__RECORD EXCERPTS__
..........

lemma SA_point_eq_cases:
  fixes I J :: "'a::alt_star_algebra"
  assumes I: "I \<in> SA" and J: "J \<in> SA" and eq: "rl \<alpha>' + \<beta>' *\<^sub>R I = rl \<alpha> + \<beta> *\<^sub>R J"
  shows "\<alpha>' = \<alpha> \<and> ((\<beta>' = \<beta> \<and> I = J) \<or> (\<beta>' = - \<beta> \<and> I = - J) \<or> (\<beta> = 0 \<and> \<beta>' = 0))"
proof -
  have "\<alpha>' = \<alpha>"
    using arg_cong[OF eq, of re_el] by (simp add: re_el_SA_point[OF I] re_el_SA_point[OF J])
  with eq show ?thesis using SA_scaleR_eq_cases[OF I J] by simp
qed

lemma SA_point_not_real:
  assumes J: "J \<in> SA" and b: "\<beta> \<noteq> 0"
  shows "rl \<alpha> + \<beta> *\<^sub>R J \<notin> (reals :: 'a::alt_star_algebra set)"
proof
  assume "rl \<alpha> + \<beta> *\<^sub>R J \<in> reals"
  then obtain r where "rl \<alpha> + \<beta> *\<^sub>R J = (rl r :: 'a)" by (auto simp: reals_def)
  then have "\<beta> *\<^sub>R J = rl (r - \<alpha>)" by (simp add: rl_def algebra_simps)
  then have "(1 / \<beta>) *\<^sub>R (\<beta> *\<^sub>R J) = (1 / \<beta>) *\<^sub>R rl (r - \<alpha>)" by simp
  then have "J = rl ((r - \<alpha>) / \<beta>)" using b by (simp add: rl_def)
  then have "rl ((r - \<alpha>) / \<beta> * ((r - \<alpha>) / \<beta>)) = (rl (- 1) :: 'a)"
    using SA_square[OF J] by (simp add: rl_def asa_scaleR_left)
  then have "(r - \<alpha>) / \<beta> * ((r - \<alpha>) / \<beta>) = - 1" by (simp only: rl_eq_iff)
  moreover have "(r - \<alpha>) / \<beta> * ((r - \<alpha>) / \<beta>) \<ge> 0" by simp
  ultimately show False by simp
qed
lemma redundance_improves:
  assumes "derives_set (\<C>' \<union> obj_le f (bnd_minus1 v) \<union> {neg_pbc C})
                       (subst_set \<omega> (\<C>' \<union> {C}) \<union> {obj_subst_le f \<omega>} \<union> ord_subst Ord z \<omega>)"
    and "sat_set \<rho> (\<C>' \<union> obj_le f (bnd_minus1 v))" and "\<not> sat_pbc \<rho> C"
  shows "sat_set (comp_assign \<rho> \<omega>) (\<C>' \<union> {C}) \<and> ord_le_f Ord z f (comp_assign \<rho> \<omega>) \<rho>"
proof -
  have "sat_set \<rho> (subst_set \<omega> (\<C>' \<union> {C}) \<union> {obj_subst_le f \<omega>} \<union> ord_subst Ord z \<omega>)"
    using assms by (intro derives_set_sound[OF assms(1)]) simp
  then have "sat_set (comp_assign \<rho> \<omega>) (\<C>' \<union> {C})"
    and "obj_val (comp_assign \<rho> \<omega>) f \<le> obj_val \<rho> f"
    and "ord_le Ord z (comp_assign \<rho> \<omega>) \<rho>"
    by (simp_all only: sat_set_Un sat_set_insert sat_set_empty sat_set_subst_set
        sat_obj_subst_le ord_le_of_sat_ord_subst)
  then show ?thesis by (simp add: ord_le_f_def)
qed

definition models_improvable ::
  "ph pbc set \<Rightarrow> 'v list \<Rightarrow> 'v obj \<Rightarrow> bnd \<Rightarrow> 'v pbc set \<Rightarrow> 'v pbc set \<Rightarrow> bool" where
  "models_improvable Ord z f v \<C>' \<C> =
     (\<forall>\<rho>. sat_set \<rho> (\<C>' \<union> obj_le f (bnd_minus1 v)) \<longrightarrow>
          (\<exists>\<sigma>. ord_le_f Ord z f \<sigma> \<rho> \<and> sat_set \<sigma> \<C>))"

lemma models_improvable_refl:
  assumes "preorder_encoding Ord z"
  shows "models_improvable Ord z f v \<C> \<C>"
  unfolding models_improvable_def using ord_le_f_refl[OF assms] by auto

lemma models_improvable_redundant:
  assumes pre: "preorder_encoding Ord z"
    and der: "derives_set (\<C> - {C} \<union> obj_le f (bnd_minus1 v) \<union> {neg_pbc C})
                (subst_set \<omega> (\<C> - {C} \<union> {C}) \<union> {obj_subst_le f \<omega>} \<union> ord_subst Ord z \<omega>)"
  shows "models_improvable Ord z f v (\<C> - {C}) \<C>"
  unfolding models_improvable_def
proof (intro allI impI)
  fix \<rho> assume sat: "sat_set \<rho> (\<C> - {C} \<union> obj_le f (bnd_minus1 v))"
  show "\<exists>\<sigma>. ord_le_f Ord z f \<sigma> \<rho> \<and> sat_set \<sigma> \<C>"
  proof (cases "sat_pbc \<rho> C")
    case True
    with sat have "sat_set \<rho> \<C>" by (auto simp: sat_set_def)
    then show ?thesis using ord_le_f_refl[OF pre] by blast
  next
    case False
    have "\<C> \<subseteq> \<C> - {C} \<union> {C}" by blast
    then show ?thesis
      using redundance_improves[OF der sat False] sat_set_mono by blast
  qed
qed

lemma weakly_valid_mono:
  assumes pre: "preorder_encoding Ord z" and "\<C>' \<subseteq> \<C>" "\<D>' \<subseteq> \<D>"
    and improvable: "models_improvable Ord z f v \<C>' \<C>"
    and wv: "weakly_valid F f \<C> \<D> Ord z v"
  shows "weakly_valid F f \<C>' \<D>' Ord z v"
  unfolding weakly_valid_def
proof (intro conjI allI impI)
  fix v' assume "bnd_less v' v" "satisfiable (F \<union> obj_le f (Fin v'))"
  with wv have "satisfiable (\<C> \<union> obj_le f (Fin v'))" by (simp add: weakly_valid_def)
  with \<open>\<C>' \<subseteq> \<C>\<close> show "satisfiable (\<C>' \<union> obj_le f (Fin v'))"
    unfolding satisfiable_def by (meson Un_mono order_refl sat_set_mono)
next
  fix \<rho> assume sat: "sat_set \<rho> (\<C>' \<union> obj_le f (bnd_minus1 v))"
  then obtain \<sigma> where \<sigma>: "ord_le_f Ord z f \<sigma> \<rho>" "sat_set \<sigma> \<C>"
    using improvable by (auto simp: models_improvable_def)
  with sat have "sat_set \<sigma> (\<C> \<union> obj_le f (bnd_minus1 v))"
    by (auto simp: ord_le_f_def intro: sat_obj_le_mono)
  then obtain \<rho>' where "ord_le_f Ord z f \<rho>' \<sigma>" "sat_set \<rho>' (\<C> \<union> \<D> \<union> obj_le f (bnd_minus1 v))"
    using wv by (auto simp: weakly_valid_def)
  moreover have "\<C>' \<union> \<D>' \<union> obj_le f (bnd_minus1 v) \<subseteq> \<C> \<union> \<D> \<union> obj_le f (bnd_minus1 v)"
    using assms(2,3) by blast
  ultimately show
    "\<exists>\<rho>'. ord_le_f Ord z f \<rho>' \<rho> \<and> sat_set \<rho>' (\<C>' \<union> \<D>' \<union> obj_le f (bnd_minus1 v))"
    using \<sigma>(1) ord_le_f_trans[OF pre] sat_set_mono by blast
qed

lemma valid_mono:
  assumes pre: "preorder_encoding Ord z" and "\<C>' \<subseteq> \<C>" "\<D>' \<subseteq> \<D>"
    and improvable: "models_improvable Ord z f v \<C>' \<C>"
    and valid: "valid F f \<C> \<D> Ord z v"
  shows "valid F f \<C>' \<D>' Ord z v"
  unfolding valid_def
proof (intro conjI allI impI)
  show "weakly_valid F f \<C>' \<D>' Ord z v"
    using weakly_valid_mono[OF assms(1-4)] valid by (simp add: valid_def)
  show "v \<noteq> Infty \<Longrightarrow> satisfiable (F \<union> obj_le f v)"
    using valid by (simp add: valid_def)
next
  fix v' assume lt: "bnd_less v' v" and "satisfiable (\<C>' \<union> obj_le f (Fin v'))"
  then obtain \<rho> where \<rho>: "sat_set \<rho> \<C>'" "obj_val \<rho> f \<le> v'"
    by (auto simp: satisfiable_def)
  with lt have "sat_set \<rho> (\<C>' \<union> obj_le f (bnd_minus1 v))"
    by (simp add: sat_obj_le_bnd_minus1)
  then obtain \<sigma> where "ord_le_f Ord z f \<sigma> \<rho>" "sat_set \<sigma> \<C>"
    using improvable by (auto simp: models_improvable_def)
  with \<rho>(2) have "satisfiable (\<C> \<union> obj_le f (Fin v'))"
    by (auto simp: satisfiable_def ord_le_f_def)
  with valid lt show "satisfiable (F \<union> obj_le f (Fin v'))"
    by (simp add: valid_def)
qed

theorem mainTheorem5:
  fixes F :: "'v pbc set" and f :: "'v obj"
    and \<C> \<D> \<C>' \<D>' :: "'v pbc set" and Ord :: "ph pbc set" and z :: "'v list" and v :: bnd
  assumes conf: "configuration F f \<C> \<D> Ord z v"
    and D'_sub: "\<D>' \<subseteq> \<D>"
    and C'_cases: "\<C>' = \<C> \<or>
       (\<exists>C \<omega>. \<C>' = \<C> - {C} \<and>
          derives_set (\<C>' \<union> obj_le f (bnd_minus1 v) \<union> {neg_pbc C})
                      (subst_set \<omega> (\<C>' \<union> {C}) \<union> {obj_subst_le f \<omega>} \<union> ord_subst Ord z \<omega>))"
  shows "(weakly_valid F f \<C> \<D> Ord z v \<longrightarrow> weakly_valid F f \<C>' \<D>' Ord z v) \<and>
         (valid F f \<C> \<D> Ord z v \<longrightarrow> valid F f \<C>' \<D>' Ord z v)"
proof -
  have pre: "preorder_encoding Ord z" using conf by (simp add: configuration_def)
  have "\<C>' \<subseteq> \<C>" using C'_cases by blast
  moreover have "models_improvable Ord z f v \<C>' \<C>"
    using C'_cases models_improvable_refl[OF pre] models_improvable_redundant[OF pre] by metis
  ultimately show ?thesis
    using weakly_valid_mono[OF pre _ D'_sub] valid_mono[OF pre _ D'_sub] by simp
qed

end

..........

__ACTION ITEM__
Wherever a line holds the word "moreover", copy that line out of the entries above.

__TASK SOLUTION__
  moreover have "(r - \<alpha>) / \<beta> * ((r - \<alpha>) / \<beta>) \<ge> 0" by simp
  moreover have "\<C>' \<union> \<D>' \<union> obj_le f (bnd_minus1 v) \<subseteq> \<C> \<union> \<D> \<union> obj_le f (bnd_minus1 v)"
  moreover have "models_improvable Ord z f v \<C>' \<C>"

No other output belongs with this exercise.